Records from a collection:
◆ ◆ ◆ ◆ ◆
(* Let $k$ be a binary kernel on a non-empty set $\mathcal X$ such that the quotient set $\mathcal Q_k=\mathcal X_{\mathrm{ref}}/\!\sim_k$ is finite, say $\mathcal Q_k=\{Q_1,\dots,Q_d\}$. Define $\phi:\mathcal X\to\{0,1\}^d$ by $\phi(x)_i=1$ if $x\in\mathcal X_{\mathrm{ref}}$ and $Q_i=[x]_k$, and $\phi(x)_i=0$ otherwise. Then $\phi$ is a feature map of $k$, i.e. $k(x,y)=\langle\phi(x),\phi(y)\rangle$ for all $x,y\in\mathcal X$.
   Context: A kernel on $\mathcal X$ is a symmetric positive semidefinite function $k:\mathcal X\times\mathcal X\to\mathbb R$. A kernel $k$ is binary if $k(x,y)\in\{0,1\}$ for all $x,y$. The relation induced by $k$ is $\sim_k=\{(x,y): k(x,y)=1\}$. Let $\mathcal X_{\mathrm{ref}}=\{x\in\mathcal X: x\sim_k x\}$; on $\mathcal X_{\mathrm{ref}}$ the relation $\sim_k$ is an equivalence relation, $[x]_k$ denotes the equivalence class of $x\in\mathcal X_{\mathrm{ref}}$, and $\mathcal Q_k$ is the set of equivalence classes. *)

theory Defs
  imports Complex_Main
begin

definition kernel_on :: "'a set \<Rightarrow> ('a \<Rightarrow> 'a \<Rightarrow> real) \<Rightarrow> bool" where
  "kernel_on X k \<longleftrightarrow>
     (\<forall>x\<in>X. \<forall>y\<in>X. k x y = k y x) \<and>
     (\<forall>(n::nat) (xs::nat \<Rightarrow> 'a) (c::nat \<Rightarrow> real). (\<forall>i<n. xs i \<in> X) \<longrightarrow>
        0 \<le> (\<Sum>i<n. \<Sum>j<n. c i * c j * k (xs i) (xs j)))"

definition binary_kernel_on :: "'a set \<Rightarrow> ('a \<Rightarrow> 'a \<Rightarrow> real) \<Rightarrow> bool" where
  "binary_kernel_on X k \<longleftrightarrow> kernel_on X k \<and> (\<forall>x\<in>X. \<forall>y\<in>X. k x y \<in> {0, 1})"

definition krel :: "'a set \<Rightarrow> ('a \<Rightarrow> 'a \<Rightarrow> real) \<Rightarrow> ('a \<times> 'a) set" where
  "krel X k = {(x, y). x \<in> X \<and> y \<in> X \<and> k x y = 1}"

definition Xref :: "'a set \<Rightarrow> ('a \<Rightarrow> 'a \<Rightarrow> real) \<Rightarrow> 'a set" where
  "Xref X k = {x \<in> X. (x, x) \<in> krel X k}"

text \<open>The relation restricted to X_ref (an equivalence relation there).\<close>
definition krel_ref :: "'a set \<Rightarrow> ('a \<Rightarrow> 'a \<Rightarrow> real) \<Rightarrow> ('a \<times> 'a) set" where
  "krel_ref X k = krel X k \<inter> (Xref X k \<times> Xref X k)"

definition kclass :: "'a set \<Rightarrow> ('a \<Rightarrow> 'a \<Rightarrow> real) \<Rightarrow> 'a \<Rightarrow> 'a set" where
  "kclass X k x = krel_ref X k `` {x}"

definition Qk :: "'a set \<Rightarrow> ('a \<Rightarrow> 'a \<Rightarrow> real) \<Rightarrow> 'a set set" where
  "Qk X k = Xref X k // krel_ref X k"

end

theory Submission
  imports Defs
begin

text \<open>For a binary kernel, positive semidefiniteness on two points shows that a point with
  k x x = 0 is orthogonal to everything, and on three points (with coefficients 1, -1, 1)
  that the relation k x y = 1 is transitive. Hence on X_ref the relation is an equivalence
  whose indicator is k itself, and the one-hot encoding of the classes is a feature map.\<close>

lemma kernel_on_two_points_nonneg:
  assumes "kernel_on X k" "x \<in> X" "y \<in> X"
  shows "0 \<le> a * a * k x x + a * b * k x y + b * a * k y x + b * b * k y y"
proof -
  define xs :: "nat \<Rightarrow> 'a" where "xs = (\<lambda>i. if i = 0 then x else y)"
  define c :: "nat \<Rightarrow> real" where "c = (\<lambda>i. if i = 0 then a else b)"
  have "\<forall>i<2. xs i \<in> X" using assms by (auto simp: xs_def)
  then have "0 \<le> (\<Sum>i<2. \<Sum>j<2. c i * c j * k (xs i) (xs j))"
    using assms(1) unfolding kernel_on_def by blast
  then show ?thesis by (simp add: numeral_2_eq_2 xs_def c_def)
qed

lemma kernel_on_three_points_nonneg:
  assumes "kernel_on X k" "x \<in> X" "y \<in> X" "z \<in> X"
  shows "0 \<le> k x x + k y y + k z z - k x y - k y x + k x z + k z x - k y z - k z y"
proof -
  define xs :: "nat \<Rightarrow> 'a" where "xs = (\<lambda>i. if i = 0 then x else if i = 1 then y else z)"
  define c :: "nat \<Rightarrow> real" where "c = (\<lambda>i. if i = 1 then -1 else 1)"
  have "\<forall>i<3. xs i \<in> X" using assms by (auto simp: xs_def)
  then have "0 \<le> (\<Sum>i<3. \<Sum>j<3. c i * c j * k (xs i) (xs j))"
    using assms(1) unfolding kernel_on_def by blast
  then show ?thesis by (simp add: numeral_3_eq_3 xs_def c_def)
qed

lemma binary_kernel_on_kernel_on: "binary_kernel_on X k \<Longrightarrow> kernel_on X k"
  unfolding binary_kernel_on_def by blast

lemma binary_kernel_on_sym:
  assumes "binary_kernel_on X k" "x \<in> X" "y \<in> X"
  shows "k x y = k y x"
  using assms unfolding binary_kernel_on_def kernel_on_def by blast

lemma binary_kernel_on_cases:
  assumes "binary_kernel_on X k" "x \<in> X" "y \<in> X"
  shows "k x y = 0 \<or> k x y = 1"
  using assms unfolding binary_kernel_on_def by blast

lemma binary_kernel_on_zero_diag:
  assumes k: "binary_kernel_on X k" and "x \<in> X" "y \<in> X" "k x x = 0"
  shows "k x y = 0"
proof (rule ccontr)
  assume "k x y \<noteq> 0"
  then have "k x y = 1"
    using binary_kernel_on_cases[OF k assms(2,3)] by simp
  moreover have "k y x = 1"
    using \<open>k x y = 1\<close> binary_kernel_on_sym[OF k assms(2,3)] by simp
  moreover have "k y y \<le> 1"
    using binary_kernel_on_cases[OF k \<open>y \<in> X\<close> \<open>y \<in> X\<close>] by auto
  moreover have "0 \<le> 1 * 1 * k x x + 1 * (-1) * k x y + (-1) * 1 * k y x + (-1) * (-1) * k y y"
    by (rule kernel_on_two_points_nonneg[OF binary_kernel_on_kernel_on[OF k] assms(2,3)])
  ultimately show False using \<open>k x x = 0\<close> by simp
qed

lemma binary_kernel_on_trans:
  assumes k: "binary_kernel_on X k" and "x \<in> X" "y \<in> X" "z \<in> X" "k x y = 1" "k y z = 1"
  shows "k x z = 1"
proof (rule ccontr)
  assume "k x z \<noteq> 1"
  then have "k x z = 0" using binary_kernel_on_cases[OF k assms(2,4)] by simp
  moreover have "k z x = 0" "k y x = 1" "k z y = 1"
    using assms(5,6) \<open>k x z = 0\<close> binary_kernel_on_sym[OF k] assms(2-4) by metis+
  moreover have "k x x \<le> 1" "k y y \<le> 1" "k z z \<le> 1"
    using binary_kernel_on_cases[OF k] assms(2-4) by (metis order_refl zero_le_one)+
  moreover have "0 \<le> k x x + k y y + k z z - k x y - k y x + k x z + k z x - k y z - k z y"
    by (rule kernel_on_three_points_nonneg[OF binary_kernel_on_kernel_on[OF k] assms(2-4)])
  ultimately show False using assms(5,6) by linarith
qed

lemma Xref_iff: "x \<in> Xref X k \<longleftrightarrow> x \<in> X \<and> k x x = 1"
  by (auto simp: Xref_def krel_def)

lemma kclass_eq: "x \<in> Xref X k \<Longrightarrow> kclass X k x = {y \<in> Xref X k. k x y = 1}"
  by (auto simp: kclass_def krel_ref_def krel_def Xref_def)

lemma kclass_in_Qk: "x \<in> Xref X k \<Longrightarrow> kclass X k x \<in> Qk X k"
  unfolding Qk_def kclass_def by (rule quotientI)

lemma binary_kernel_on_kclass_eq_iff:
  assumes k: "binary_kernel_on X k" and x: "x \<in> Xref X k" and y: "y \<in> Xref X k"
  shows "kclass X k x = kclass X k y \<longleftrightarrow> k x y = 1"
proof
  assume "kclass X k x = kclass X k y"
  moreover have "y \<in> kclass X k y" using y by (simp add: kclass_eq Xref_iff)
  ultimately have "y \<in> kclass X k x" by simp
  then show "k x y = 1" using x by (simp add: kclass_eq)
next
  assume xy: "k x y = 1"
  have "k y x = 1" using xy binary_kernel_on_sym[OF k] x y by (simp add: Xref_iff)
  then show "kclass X k x = kclass X k y"
    using x y xy binary_kernel_on_trans[OF k] by (auto simp: kclass_eq Xref_iff)
qed

lemma binary_kernel_on_eq_same_class:
  assumes k: "binary_kernel_on X k" and "x \<in> X" "y \<in> X"
  shows "k x y = (if x \<in> Xref X k \<and> y \<in> Xref X k \<and> kclass X k x = kclass X k y then 1 else 0)"
proof (cases "x \<in> Xref X k \<and> y \<in> Xref X k")
  case True
  then show ?thesis
    using binary_kernel_on_kclass_eq_iff[OF k] binary_kernel_on_cases[OF k assms(2,3)] by auto
next
  case False
  then have "k x x = 0 \<or> k y y = 0"
    using binary_kernel_on_cases[OF k] assms(2,3) by (auto simp: Xref_iff)
  then have "k x y = 0"
    using binary_kernel_on_zero_diag[OF k] binary_kernel_on_sym[OF k] assms(2,3) by metis
  then show ?thesis using False by auto
qed

lemma sum_indicator_bij_betw:
  assumes "bij_betw Q I A" "c \<in> A" "finite I"
  shows "(\<Sum>i\<in>I. if Q i = c then 1 else 0) = (1::real)"
proof -
  obtain i0 where i0: "i0 \<in> I" "Q i0 = c"
    using assms(1,2) unfolding bij_betw_def by blast
  have "Q i = c \<longleftrightarrow> i = i0" if "i \<in> I" for i
    using assms(1) i0 that unfolding bij_betw_def inj_on_def by blast
  then have "(\<Sum>i\<in>I. if Q i = c then 1 else 0) = (\<Sum>i\<in>I. if i = i0 then 1 else (0::real))"
    by (intro sum.cong) auto
  then show ?thesis using i0(1) assms(3) by simp
qed

theorem proposition3:
  fixes X :: "'a set" and k :: "'a \<Rightarrow> 'a \<Rightarrow> real"
    and d :: nat and Q :: "nat \<Rightarrow> 'a set" and phi :: "'a \<Rightarrow> nat \<Rightarrow> real"
  assumes "X \<noteq> {}"
    and "binary_kernel_on X k"
    and "finite (Qk X k)"
    and "bij_betw Q {1..d} (Qk X k)"
    and "\<And>x i. phi x i = (if x \<in> Xref X k \<and> Q i = kclass X k x then 1 else 0)"
  shows "\<forall>x\<in>X. \<forall>y\<in>X. k x y = (\<Sum>i=1..d. phi x i * phi y i)"
proof (intro ballI)
  fix x y assume "x \<in> X" "y \<in> X"
  define same where "same \<longleftrightarrow> x \<in> Xref X k \<and> y \<in> Xref X k \<and> kclass X k x = kclass X k y"
  have "k x y = (if same then 1 else 0)"
    using binary_kernel_on_eq_same_class[OF assms(2) \<open>x \<in> X\<close> \<open>y \<in> X\<close>] by (simp add: same_def)
  moreover have "(\<Sum>i=1..d. phi x i * phi y i) = (if same then 1 else 0)"
  proof (cases same)
    case True
    then have "phi x i * phi y i = (if Q i = kclass X k x then 1 else 0)" for i
      unfolding same_def assms(5) by auto
    moreover have "kclass X k x \<in> Qk X k"
      using True by (simp add: same_def kclass_in_Qk)
    ultimately show ?thesis
      using True sum_indicator_bij_betw[OF assms(4)] by simp
  next
    case False
    then have "phi x i * phi y i = 0" for i
      unfolding same_def assms(5) by auto
    then show ?thesis using False by (simp del: mult_eq_0_iff)
  qed
  ultimately show "k x y = (\<Sum>i=1..d. phi x i * phi y i)" by simp
qed

end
◆ ◆ ◆ ◆ ◆
§ **Exercise prompt**
All lines in the data above from the one with "Xref X k. k" through the one with "obtain i0 where" must be repeated exactly, and no others.

§ **Solution to the problem**
lemma kclass_eq: "x \<in> Xref X k \<Longrightarrow> kclass X k x = {y \<in> Xref X k. k x y = 1}"
  by (auto simp: kclass_def krel_ref_def krel_def Xref_def)

lemma kclass_in_Qk: "x \<in> Xref X k \<Longrightarrow> kclass X k x \<in> Qk X k"
  unfolding Qk_def kclass_def by (rule quotientI)

lemma binary_kernel_on_kclass_eq_iff:
  assumes k: "binary_kernel_on X k" and x: "x \<in> Xref X k" and y: "y \<in> Xref X k"
  shows "kclass X k x = kclass X k y \<longleftrightarrow> k x y = 1"
proof
  assume "kclass X k x = kclass X k y"
  moreover have "y \<in> kclass X k y" using y by (simp add: kclass_eq Xref_iff)
  ultimately have "y \<in> kclass X k x" by simp
  then show "k x y = 1" using x by (simp add: kclass_eq)
next
  assume xy: "k x y = 1"
  have "k y x = 1" using xy binary_kernel_on_sym[OF k] x y by (simp add: Xref_iff)
  then show "kclass X k x = kclass X k y"
    using x y xy binary_kernel_on_trans[OF k] by (auto simp: kclass_eq Xref_iff)
qed

lemma binary_kernel_on_eq_same_class:
  assumes k: "binary_kernel_on X k" and "x \<in> X" "y \<in> X"
  shows "k x y = (if x \<in> Xref X k \<and> y \<in> Xref X k \<and> kclass X k x = kclass X k y then 1 else 0)"
proof (cases "x \<in> Xref X k \<and> y \<in> Xref X k")
  case True
  then show ?thesis
    using binary_kernel_on_kclass_eq_iff[OF k] binary_kernel_on_cases[OF k assms(2,3)] by auto
next
  case False
  then have "k x x = 0 \<or> k y y = 0"
    using binary_kernel_on_cases[OF k] assms(2,3) by (auto simp: Xref_iff)
  then have "k x y = 0"
    using binary_kernel_on_zero_diag[OF k] binary_kernel_on_sym[OF k] assms(2,3) by metis
  then show ?thesis using False by auto
qed

lemma sum_indicator_bij_betw:
  assumes "bij_betw Q I A" "c \<in> A" "finite I"
  shows "(\<Sum>i\<in>I. if Q i = c then 1 else 0) = (1::real)"
proof -
  obtain i0 where i0: "i0 \<in> I" "Q i0 = c"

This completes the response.